(* Let $Q$ be a finite loop and $S$ a subloop of $Q$. For $x\in Q$ let $O_x(Q,S)$ denote the orbit of $x$ under the permutation group $\langle R_s : s\in S\rangle$ acting naturally on $Q$, where $R_s:Q\to Q$, $y\mapsto ys$. (i) If $|O_x(Q,S)|$ is a multiple of $|S|$ for every $x\in Q$, then $|S|$ divides $|Q|$. (ii) If $O_x(Q,S)$ can be written as a disjoint union of left cosets of $S$ for every $x\in Q$, then $Q$ has a left coset partition modulo $S$, i.e., there is a subset of the left cosets $\{yS: y\in Q\}$ that partitions $Q$.
   Context: For $y\in Q$, $yS=\{ys:s\in S\}$ is the left coset of $S$ with representative $y$. *)

theory Defs
  imports Main
begin

definition loop :: "'a set \<Rightarrow> ('a \<Rightarrow> 'a \<Rightarrow> 'a) \<Rightarrow> 'a \<Rightarrow> bool" where
  "loop Q mult e \<longleftrightarrow>
     e \<in> Q \<and>
     (\<forall>x\<in>Q. \<forall>y\<in>Q. mult x y \<in> Q) \<and>
     (\<forall>x\<in>Q. mult e x = x \<and> mult x e = x) \<and>
     (\<forall>a\<in>Q. \<forall>b\<in>Q. \<exists>!x. x \<in> Q \<and> mult a x = b) \<and>
     (\<forall>a\<in>Q. \<forall>b\<in>Q. \<exists>!y. y \<in> Q \<and> mult y a = b)"

definition subloop :: "'a set \<Rightarrow> 'a set \<Rightarrow> ('a \<Rightarrow> 'a \<Rightarrow> 'a) \<Rightarrow> 'a \<Rightarrow> bool" where
  "subloop S Q mult e \<longleftrightarrow> S \<subseteq> Q \<and> loop S mult e"

definition rdiv :: "'a set \<Rightarrow> ('a \<Rightarrow> 'a \<Rightarrow> 'a) \<Rightarrow> 'a \<Rightarrow> 'a \<Rightarrow> 'a" where
  "rdiv Q mult b a = (THE y. y \<in> Q \<and> mult y a = b)"

text \<open>Orbit of x under the permutation group generated by the right translations
  R_s (s in S) acting on Q: closure of {x} under all R_s and their inverses.\<close>
inductive_set orbit :: "'a set \<Rightarrow> 'a set \<Rightarrow> ('a \<Rightarrow> 'a \<Rightarrow> 'a) \<Rightarrow> 'a \<Rightarrow> 'a set"
  for Q S mult x where
  base: "x \<in> orbit Q S mult x"
| right: "y \<in> orbit Q S mult x \<Longrightarrow> s \<in> S \<Longrightarrow> mult y s \<in> orbit Q S mult x"
| right_inv: "y \<in> orbit Q S mult x \<Longrightarrow> s \<in> S \<Longrightarrow> rdiv Q mult y s \<in> orbit Q S mult x"

definition lcoset :: "('a \<Rightarrow> 'a \<Rightarrow> 'a) \<Rightarrow> 'a \<Rightarrow> 'a set \<Rightarrow> 'a set" where
  "lcoset mult y S = (\<lambda>s. mult y s) ` S"

definition lcosets :: "'a set \<Rightarrow> 'a set \<Rightarrow> ('a \<Rightarrow> 'a \<Rightarrow> 'a) \<Rightarrow> 'a set set" where
  "lcosets Q S mult = {lcoset mult y S | y. y \<in> Q}"

end

theory Submission
  imports Defs
begin

text \<open>The orbits of the group generated by the right translations \<open>R\<^sub>s\<close> partition \<open>Q\<close>.
  Part (i) follows because the cardinality of \<open>Q\<close> is the sum of the orbit sizes, and part (ii)
  because coset partitions of the individual orbits combine into one of \<open>Q\<close>.\<close>

lemma dvd_card_Union_disjoint:
  assumes "finite (\<Union>P)" and "pairwise disjnt P" and "\<And>A. A \<in> P \<Longrightarrow> n dvd card A"
  shows "n dvd card (\<Union>P)"
proof -
  have "\<And>A. A \<in> P \<Longrightarrow> finite A"
    using assms(1) by (meson Union_upper finite_subset)
  then have "card (\<Union>P) = (\<Sum>A\<in>P. card A)"
    using card_Union_disjoint[OF assms(2)] by blast
  then show ?thesis
    using assms(3) by (simp add: dvd_sum)
qed

lemma pairwise_disjnt_refine:
  assumes disj: "pairwise disjnt P"
    and refine: "\<And>A. A \<in> P \<Longrightarrow> \<exists>C. C \<subseteq> F \<and> pairwise disjnt C \<and> \<Union>C = A"
  shows "\<exists>R. R \<subseteq> F \<and> pairwise disjnt R \<and> \<Union>R = \<Union>P"
proof -
  have "\<forall>A\<in>P. \<exists>C. C \<subseteq> F \<and> pairwise disjnt C \<and> \<Union>C = A"
    using refine by blast
  then obtain C where C: "\<forall>A\<in>P. C A \<subseteq> F \<and> pairwise disjnt (C A) \<and> \<Union>(C A) = A"
    by (rule bchoice[THEN exE])
  have "pairwise disjnt (\<Union>A\<in>P. C A)"
  proof (rule pairwiseI)
    fix X Y assume "X \<in> (\<Union>A\<in>P. C A)" "Y \<in> (\<Union>A\<in>P. C A)" "X \<noteq> Y"
    then obtain A B where AB: "A \<in> P" "B \<in> P" "X \<in> C A" "Y \<in> C B"
      by blast
    show "disjnt X Y"
    proof (cases "A = B")
      case True
      have "pairwise disjnt (C A)"
        using C AB(1) by blast
      then show ?thesis
        using AB(3,4) True \<open>X \<noteq> Y\<close> by (simp add: pairwiseD)
    next
      case False
      have "\<Union>(C A) = A" "\<Union>(C B) = B"
        using C AB(1,2) by blast+
      then have "X \<subseteq> A" "Y \<subseteq> B"
        using AB(3,4) by blast+
      moreover have "disjnt A B"
        using disj AB(1,2) False by (simp add: pairwiseD)
      ultimately show ?thesis
        unfolding disjnt_def by blast
    qed
  qed
  moreover have "\<Union>(\<Union>A\<in>P. C A) = \<Union>P"
  proof -
    have "\<Union>(\<Union>A\<in>P. C A) = (\<Union>A\<in>P. \<Union>(C A))"
      by blast
    then show ?thesis
      using C by simp
  qed
  moreover have "(\<Union>A\<in>P. C A) \<subseteq> F"
    using C by blast
  ultimately show ?thesis
    by blast
qed

lemma loop_mult_closed:
  "loop Q mult e \<Longrightarrow> x \<in> Q \<Longrightarrow> y \<in> Q \<Longrightarrow> mult x y \<in> Q"
  unfolding loop_def by simp

lemma loop_right_div_unique:
  "loop Q mult e \<Longrightarrow> a \<in> Q \<Longrightarrow> b \<in> Q \<Longrightarrow> \<exists>!y. y \<in> Q \<and> mult y a = b"
  unfolding loop_def by simp

lemma rdiv_spec:
  assumes "loop Q mult e" "a \<in> Q" "b \<in> Q"
  shows "rdiv Q mult b a \<in> Q \<and> mult (rdiv Q mult b a) a = b"
  unfolding rdiv_def by (rule theI') (rule loop_right_div_unique[OF assms])

lemma rdiv_mult:
  assumes "loop Q mult e" "a \<in> Q" "y \<in> Q"
  shows "rdiv Q mult (mult y a) a = y"
  unfolding rdiv_def
  by (rule the1_equality[OF loop_right_div_unique[OF assms(1,2) loop_mult_closed[OF assms(1,3,2)]]])
    (simp add: assms(3))

lemma orbit_subset:
  assumes L: "loop Q mult e" and SQ: "S \<subseteq> Q" and "x \<in> Q"
  shows "orbit Q S mult x \<subseteq> Q"
proof
  fix y assume "y \<in> orbit Q S mult x"
  then show "y \<in> Q"
  proof induct
    case base
    show ?case by fact
  next
    case (right y s)
    then show ?case using SQ loop_mult_closed[OF L] by (meson subsetD)
  next
    case (right_inv y s)
    then show ?case using SQ rdiv_spec[OF L] by (meson subsetD)
  qed
qed

lemma orbit_trans:
  "z \<in> orbit Q S mult y \<Longrightarrow> y \<in> orbit Q S mult x \<Longrightarrow> z \<in> orbit Q S mult x"
  by (induct rule: orbit.induct) (auto intro: orbit.intros)

lemma orbit_sym:
  assumes L: "loop Q mult e" and SQ: "S \<subseteq> Q" and "x \<in> Q"
    and "y \<in> orbit Q S mult x"
  shows "x \<in> orbit Q S mult y"
  using \<open>y \<in> orbit Q S mult x\<close>
proof induct
  case base
  show ?case by (rule orbit.base)
next
  case (right y s)
  have "y \<in> Q" "s \<in> Q"
    using orbit_subset[OF L SQ \<open>x \<in> Q\<close>] right SQ by blast+
  have "rdiv Q mult (mult y s) s \<in> orbit Q S mult (mult y s)"
    by (rule orbit.right_inv[OF orbit.base \<open>s \<in> S\<close>])
  then have "y \<in> orbit Q S mult (mult y s)"
    by (simp only: rdiv_mult[OF L \<open>s \<in> Q\<close> \<open>y \<in> Q\<close>])
  then show ?case
    by (rule orbit_trans[OF right(2)])
next
  case (right_inv y s)
  have "y \<in> Q" "s \<in> Q"
    using orbit_subset[OF L SQ \<open>x \<in> Q\<close>] right_inv SQ by blast+
  have "mult (rdiv Q mult y s) s \<in> orbit Q S mult (rdiv Q mult y s)"
    by (rule orbit.right[OF orbit.base \<open>s \<in> S\<close>])
  then have "y \<in> orbit Q S mult (rdiv Q mult y s)"
    by (simp only: rdiv_spec[OF L \<open>s \<in> Q\<close> \<open>y \<in> Q\<close>])
  then show ?case
    by (rule orbit_trans[OF right_inv(2)])
qed

lemma orbit_eq:
  assumes "loop Q mult e" "S \<subseteq> Q" "x \<in> Q" "y \<in> orbit Q S mult x"
  shows "orbit Q S mult y = orbit Q S mult x"
proof (rule subset_antisym; rule subsetI)
  fix z
  show "z \<in> orbit Q S mult y \<Longrightarrow> z \<in> orbit Q S mult x"
    by (erule orbit_trans[OF _ assms(4)])
  show "z \<in> orbit Q S mult x \<Longrightarrow> z \<in> orbit Q S mult y"
    by (erule orbit_trans[OF _ orbit_sym[OF assms]])
qed

lemma orbits_partition:
  assumes "loop Q mult e" "S \<subseteq> Q"
  shows "pairwise disjnt (orbit Q S mult ` Q)" and "\<Union>(orbit Q S mult ` Q) = Q"
proof -
  show "pairwise disjnt (orbit Q S mult ` Q)"
  proof (rule pairwiseI)
    fix A B assume "A \<in> orbit Q S mult ` Q" "B \<in> orbit Q S mult ` Q" "A \<noteq> B"
    then obtain x y where "x \<in> Q" "y \<in> Q" and A: "A = orbit Q S mult x" and B: "B = orbit Q S mult y"
      by blast
    have "z \<notin> B" if "z \<in> A" for z
    proof
      assume "z \<in> B"
      then have "B = orbit Q S mult z"
        using orbit_eq[OF assms \<open>y \<in> Q\<close>] B by simp
      also have "\<dots> = A"
        using orbit_eq[OF assms \<open>x \<in> Q\<close>] A \<open>z \<in> A\<close> by simp
      finally show False
        using \<open>A \<noteq> B\<close> by simp
    qed
    then show "disjnt A B"
      unfolding disjnt_def by blast
  qed
  show "\<Union>(orbit Q S mult ` Q) = Q"
  proof
    show "\<Union>(orbit Q S mult ` Q) \<subseteq> Q"
      using orbit_subset[OF assms] by (rule UN_least)
    show "Q \<subseteq> \<Union>(orbit Q S mult ` Q)"
    proof
      fix x assume "x \<in> Q"
      then show "x \<in> \<Union>(orbit Q S mult ` Q)"
        using orbit.base by (rule UN_I)
    qed
  qed
qed

theorem lemma5p3:
  fixes Q S :: "'a set" and mult :: "'a \<Rightarrow> 'a \<Rightarrow> 'a" and e :: 'a
  assumes "loop Q mult e" and "finite Q" and "subloop S Q mult e"
  shows "((\<forall>x\<in>Q. card S dvd card (orbit Q S mult x)) \<longrightarrow> card S dvd card Q)
       \<and> ((\<forall>x\<in>Q. \<exists>C. C \<subseteq> lcosets Q S mult \<and> pairwise disjnt C \<and> \<Union>C = orbit Q S mult x)
            \<longrightarrow> (\<exists>P. P \<subseteq> lcosets Q S mult \<and> pairwise disjnt P \<and> \<Union>P = Q))"
proof -
  have "S \<subseteq> Q"
    using assms(3) by (simp add: subloop_def)
  note orbits = orbits_partition[OF assms(1) this]
  have "card S dvd card Q" if "\<forall>x\<in>Q. card S dvd card (orbit Q S mult x)"
  proof -
    have "card S dvd card (\<Union>(orbit Q S mult ` Q))"
      using assms(2) orbits that by (intro dvd_card_Union_disjoint) auto
    then show ?thesis
      using orbits(2) by simp
  qed
  moreover have "\<exists>P. P \<subseteq> lcosets Q S mult \<and> pairwise disjnt P \<and> \<Union>P = Q"
    if "\<forall>x\<in>Q. \<exists>C. C \<subseteq> lcosets Q S mult \<and> pairwise disjnt C \<and> \<Union>C = orbit Q S mult x"
  proof -
    have "\<exists>P. P \<subseteq> lcosets Q S mult \<and> pairwise disjnt P \<and> \<Union>P = \<Union>(orbit Q S mult ` Q)"
      using orbits(1) by (rule pairwise_disjnt_refine) (use that in blast)
    then show ?thesis
      using orbits(2) by simp
  qed
  ultimately show ?thesis
    by blast
qed

end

§

# [Assignment]
Copy out all lines from the material above that contain the string "group".

# [Answer below]
(* Let $Q$ be a finite loop and $S$ a subloop of $Q$. For $x\in Q$ let $O_x(Q,S)$ denote the orbit of $x$ under the permutation group $\langle R_s : s\in S\rangle$ acting naturally on $Q$, where $R_s:Q\to Q$, $y\mapsto ys$. (i) If $|O_x(Q,S)|$ is a multiple of $|S|$ for every $x\in Q$, then $|S|$ divides $|Q|$. (ii) If $O_x(Q,S)$ can be written as a disjoint union of left cosets of $S$ for every $x\in Q$, then $Q$ has a left coset partition modulo $S$, i.e., there is a subset of the left cosets $\{yS: y\in Q\}$ that partitions $Q$.
text \<open>Orbit of x under the permutation group generated by the right translations
text \<open>The orbits of the group generated by the right translations \<open>R\<^sub>s\<close> partition \<open>Q\<close>.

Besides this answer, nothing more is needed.